Все это покуда ничуть не противоречило ремеслу ваятеля; ничего противоречащего ему не нашел Вильгельм и тогда, когда хозяин радушно проводил его вверх по ступенькам в просторную комнату, украшенную высокими и низкими рельефами, фигурами разных размеров, бюстами и даже слепками отдельных членов самых прекрасных статуй. Наш друг с удовольствием все это рассматривал и слушал объясняющие речи хозяина, хотя не мог не заметить, какая пропасть легла между трудами художника здесь и устремлениями ученого там, откуда они пришли. Наконец хозяин дома сказал с некоторой торжественностью:
— Вам нетрудно будет понять, зачем я вас сюда привел. Эти двери, — продолжал он, показывая в сторону, — ближе ко входу в ту залу, из которой мы пришли, чем вам может показаться.
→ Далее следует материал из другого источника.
lemma green_form_ge_diag:
  fixes A :: "'p \<Rightarrow> real" and v :: "'p \<Rightarrow> int \<times> int"
  assumes "finite P" "inj_on v P" "1 \<le> t"
  shows "(\<Sum>p\<in>P. (A p)\<^sup>2) \<le> (\<Sum>p\<in>P. \<Sum>p'\<in>P. A p * A p' * green t (v p - v p'))"
proof -
  define R where "R m = (\<Sum>p\<in>P. \<Sum>p'\<in>P. A p * A p' * overlap m (v p - v p'))" for m
  have "R 0 = (\<Sum>p\<in>P. \<Sum>p'\<in>P. if p = p' then A p * A p' else 0)"
    unfolding R_def using assms(2) by (intro sum.cong refl) (auto simp: overlap_0 dest: inj_onD)
  also have "\<dots> = (\<Sum>p\<in>P. (A p)\<^sup>2)"
    using assms(1) by (simp add: power2_eq_square)
  finally have "(\<Sum>p\<in>P. (A p)\<^sup>2) = R 0" ..
  also have "\<dots> \<le> (\<Sum>m<t. R m)"
    using assms(3) overlap_form_nonneg[OF assms(1)]
    by (intro member_le_sum) (auto simp: R_def)
  also have "\<dots> = (\<Sum>p\<in>P. \<Sum>p'\<in>P. A p * A p' * green t (v p - v p'))"
    unfolding R_def green_def by (simp add: sum_distrib_left sum.swap[of _ "{..<t}"])
  finally show ?thesis .
qed

lemma green_form_ge:
  fixes A :: "'p \<Rightarrow> real" and v :: "'p \<Rightarrow> int \<times> int" and D :: real
  assumes "finite P"
    and dist: "\<And>p p'. p \<in> P \<Longrightarrow> p' \<in> P \<Longrightarrow> \<bar>fst (v p - v p')\<bar> + \<bar>snd (v p - v p')\<bar> \<le> D"
  shows "(\<Sum>p\<in>P. A p)\<^sup>2 * green t 0 - 9 / 2 * D\<^sup>2 * card P * (\<Sum>p\<in>P. (A p)\<^sup>2)
    \<le> (\<Sum>p\<in>P. \<Sum>p'\<in>P. A p * A p' * green t (v p - v p'))"
proof -
  define \<delta> where "\<delta> p p' = green t 0 - green t (v p - v p')" for p p'
  have \<delta>: "\<bar>\<delta> p p'\<bar> \<le> 9 / 2 * D\<^sup>2" if "p \<in> P" "p' \<in> P" for p p'
  proof -
    obtain a b where ab: "v p - v p' = (a, b)" by fastforce
    have "real_of_int (\<bar>a\<bar> + \<bar>b\<bar>) \<le> D" using dist[OF that] ab by simp
    then have "(real_of_int (\<bar>a\<bar> + \<bar>b\<bar>))\<^sup>2 \<le> D\<^sup>2" by (intro power_mono) simp_all
    then show ?thesis
      using green_diff_le[of t a b] green_le_green_0[of t "(a, b)"] ab by (simp add: \<delta>_def)
  qed
  have "(\<Sum>p\<in>P. \<Sum>p'\<in>P. A p * A p' * \<delta> p p') \<le> (\<Sum>p\<in>P. \<Sum>p'\<in>P. \<bar>A p\<bar> * \<bar>A p'\<bar> * (9 / 2 * D\<^sup>2))"
  proof (intro sum_mono)
    fix p p' assume "p \<in> P" "p' \<in> P"
    have "A p * A p' * \<delta> p p' \<le> \<bar>A p\<bar> * \<bar>A p'\<bar> * \<bar>\<delta> p p'\<bar>"
      by (metis abs_ge_self abs_mult)
    also have "\<dots> \<le> \<bar>A p\<bar> * \<bar>A p'\<bar> * (9 / 2 * D\<^sup>2)"
      using \<delta>[OF \<open>p \<in> P\<close> \<open>p' \<in> P\<close>] by (intro mult_left_mono) simp_all
    finally show "A p * A p' * \<delta> p p' \<le> \<bar>A p\<bar> * \<bar>A p'\<bar> * (9 / 2 * D\<^sup>2)" .
  qed
  also have "\<dots> = 9 / 2 * D\<^sup>2 * (\<Sum>p\<in>P. \<bar>A p\<bar>)\<^sup>2"
    by (simp add: power2_eq_square sum_product sum_distrib_left mult_ac)
  also have "\<dots> \<le> 9 / 2 * D\<^sup>2 * (card P * (\<Sum>p\<in>P. (A p)\<^sup>2))"
    using sum_squared_le_sum_of_squares[of "\<lambda>p. \<bar>A p\<bar>" P]
    by (intro mult_left_mono) (simp_all add: mult.commute)
  finally have le: "(\<Sum>p\<in>P. \<Sum>p'\<in>P. A p * A p' * \<delta> p p') \<le> 9 / 2 * D\<^sup>2 * card P * (\<Sum>p\<in>P. (A p)\<^sup>2)"
    by (simp add: mult.assoc)
  have "(\<Sum>p\<in>P. \<Sum>p'\<in>P. A p * A p' * green t (v p - v p'))
      = (\<Sum>p\<in>P. \<Sum>p'\<in>P. A p * A p' * green t 0 - A p * A p' * \<delta> p p')"
    by (simp add: \<delta>_def algebra_simps)
  also have "\<dots> = (\<Sum>p\<in>P. A p)\<^sup>2 * green t 0 - (\<Sum>p\<in>P. \<Sum>p'\<in>P. A p * A p' * \<delta> p p')"
    unfolding sum_subtractf power2_eq_square by (subst sum_product) (simp only: sum_distrib_right)
  finally show ?thesis using le by linarith
qed

lemma green_form_lower_bound:
  fixes A :: "'p \<Rightarrow> real" and v :: "'p \<Rightarrow> int \<times> int" and D :: real
  assumes "finite P" "inj_on v P" "1 \<le> t"
    and "\<And>p p'. p \<in> P \<Longrightarrow> p' \<in> P \<Longrightarrow> \<bar>fst (v p - v p')\<bar> + \<bar>snd (v p - v p')\<bar> \<le> D"
  shows "(\<Sum>p\<in>P. A p)\<^sup>2 * ln (real t)
    \<le> 30 * (1 + 9 / 2 * D\<^sup>2 * card P) * (\<Sum>p\<in>P. \<Sum>p'\<in>P. A p * A p' * green t (v p - v p'))"
proof -
  define Q where "Q = (\<Sum>p\<in>P. \<Sum>p'\<in>P. A p * A p' * green t (v p - v p'))"
  define c where "c = 9 / 2 * D\<^sup>2 * card P"
  have "(\<Sum>p\<in>P. A p)\<^sup>2 * (ln (real t) / 30) \<le> (\<Sum>p\<in>P. A p)\<^sup>2 * green t 0"
    using green_0_lower_bound[OF assms(3)] by (rule mult_left_mono) simp
  then have "(\<Sum>p\<in>P. A p)\<^sup>2 * ln (real t) \<le> 30 * ((\<Sum>p\<in>P. A p)\<^sup>2 * green t 0)"
    by simp
  also have "\<dots> \<le> 30 * (Q + c * (\<Sum>p\<in>P. (A p)\<^sup>2))"
  proof -
    have "(\<Sum>p\<in>P. A p)\<^sup>2 * green t 0 - c * (\<Sum>p\<in>P. (A p)\<^sup>2) \<le> Q"
      using green_form_ge[where A=A and v=v and D=D and t=t, OF assms(1,4)]
      unfolding Q_def c_def by (simp add: mult.assoc)
    then show ?thesis by (simp add: algebra_simps)
  qed
  also have "\<dots> \<le> 30 * (Q + c * Q)"
    using green_form_ge_diag[OF assms(1-3), where A=A] unfolding Q_def c_def
    by (intro mult_left_mono add_left_mono) (simp_all add: mult_left_mono)
  finally show ?thesis unfolding Q_def c_def by (simp add: algebra_simps)
qed

section \<open>The Gaussian broadcast model\<close>

locale gaussian_broadcast = prob_space M for M :: "'a measure" +
  fixes X0 :: "'a \<Rightarrow> real" and W :: "pt \<times> pt \<Rightarrow> 'a \<Rightarrow> real" and X :: "pt \<Rightarrow> 'a \<Rightarrow> real"
  assumes X0_std_normal: "distributed M lborel X0 std_normal_density"
    and W_std_normal: "\<forall>e\<in>covers. distributed M lborel (W e) std_normal_density"
    and indep_noise: "indep_vars (\<lambda>_. borel) (\<lambda>k. case k of None \<Rightarrow> X0 | Some e \<Rightarrow> W e)
      (insert None (Some ` covers))"
    and X_rank_0: "\<forall>v. rank v = 0 \<longrightarrow> X v = X0"
    and X_rank_pos: "\<forall>v. rank v \<ge> 1 \<longrightarrow>
      X v = (\<lambda>\<omega>. (1/3) * (\<Sum>i\<in>{0,1,2::nat}. X (pred_pt v i) \<omega> + W (pred_pt v i, v) \<omega>))"
begin

lemma X_expansion:
  assumes "rank v = int n" "finite F" "path_edges n v \<subseteq> F"
  shows "X v \<omega> = X0 \<omega> + (\<Sum>e\<in>F. path_coef n v e * W e \<omega>)"
  using assms(1,3)
proof (induction n arbitrary: v)
  case 0
  then have "X v = X0" using X_rank_0 by (metis of_nat_0)
  then show ?case by simp
next
  case (Suc n)
  define h where "h i e = ((if e = (pred_pt v i, v) then 1 else 0) + path_coef n (pred_pt v i) e) * W e \<omega>"
    for i e
  have "X (pred_pt v i) \<omega> + W (pred_pt v i, v) \<omega> = X0 \<omega> + (\<Sum>e\<in>F. h i e)" if "i \<in> {0,1,2}" for i
  proof -
    have "(pred_pt v i, v) \<in> F" "path_edges n (pred_pt v i) \<subseteq> F"
      using that Suc.prems(2) by auto
    then show ?thesis
      using Suc.IH[of "pred_pt v i"] Suc.prems(1) assms(2) unfolding h_def
      by (simp add: rank_pred_pt distrib_right sum.distrib if_distrib[of "\<lambda>x. x * _"] cong: if_cong)
  qed
  moreover have "1 \<le> rank v" using Suc.prems(1) by simp
  then have "X v = (\<lambda>\<omega>. (1/3) * (\<Sum>i\<in>{0,1,2::nat}. X (pred_pt v i) \<omega> + W (pred_pt v i, v) \<omega>))"
    using X_rank_pos by blast
  ultimately have "X v \<omega> = (\<Sum>i\<in>{0,1,2}. X0 \<omega> + (\<Sum>e\<in>F. h i e)) / 3"
    by simp
  also have "\<dots> = X0 \<omega> + (\<Sum>e\<in>F. (\<Sum>i\<in>{0,1,2}. h i e) / 3)"
    by (simp only: sum.distrib sum.swap[of h F "{0,1,2}"] sum_divide_distrib[symmetric] add_divide_distrib)
      simp
  also have "\<dots> = X0 \<omega> + (\<Sum>e\<in>F. path_coef (Suc n) v e * W e \<omega>)"
    unfolding h_def path_coef.simps by (simp add: distrib_right)
  finally show ?case .
qed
Вильгельм вошел и поневоле удивился, увидев на стенах, вместо изображений живого тела, как в первой зале, исключительно анатомические сечения; вылепленные, как видно, из воска или подобного ему материала, они, благодаря свежей окраске, ничуть не отличались от только что изготовленных препаратов.
— Здесь, мой друг, — сказал художник, — здесь вы видите драгоценные заменители всему тому, что мы, ко всеобщему неудовольствию, а порой и сами испытывая отвращение, старательно готовим, — затем только, чтобы оно или истлело, или, сохраняясь, было мерзко. Этим делом я принужден заниматься втайне, — ведь вы и сами наверняка слышали, с каким пренебрежением о нем говорят прозекторы по ремеслу. Я не даю сбить себя с пути и изготовляю то, что со временем получит огромное значение. Прежде всего хирург, если он возвысится до понимания пластики тела, сможет наилучшим образом прийти на помощь вечно творящей природе при всяком повреждении, да и любому врачу такое понимание поможет усовершенствоваться в своем деле. Впрочем, не будем тратить слов. Вы сами скоро убедитесь, что большему можно научиться, строя, нежели расчленяя, соединяя, нежели разъединяя, оживляя умершее, нежели дальше его умерщвляя. Короче говоря, не хотите ли вы стать моим учеником?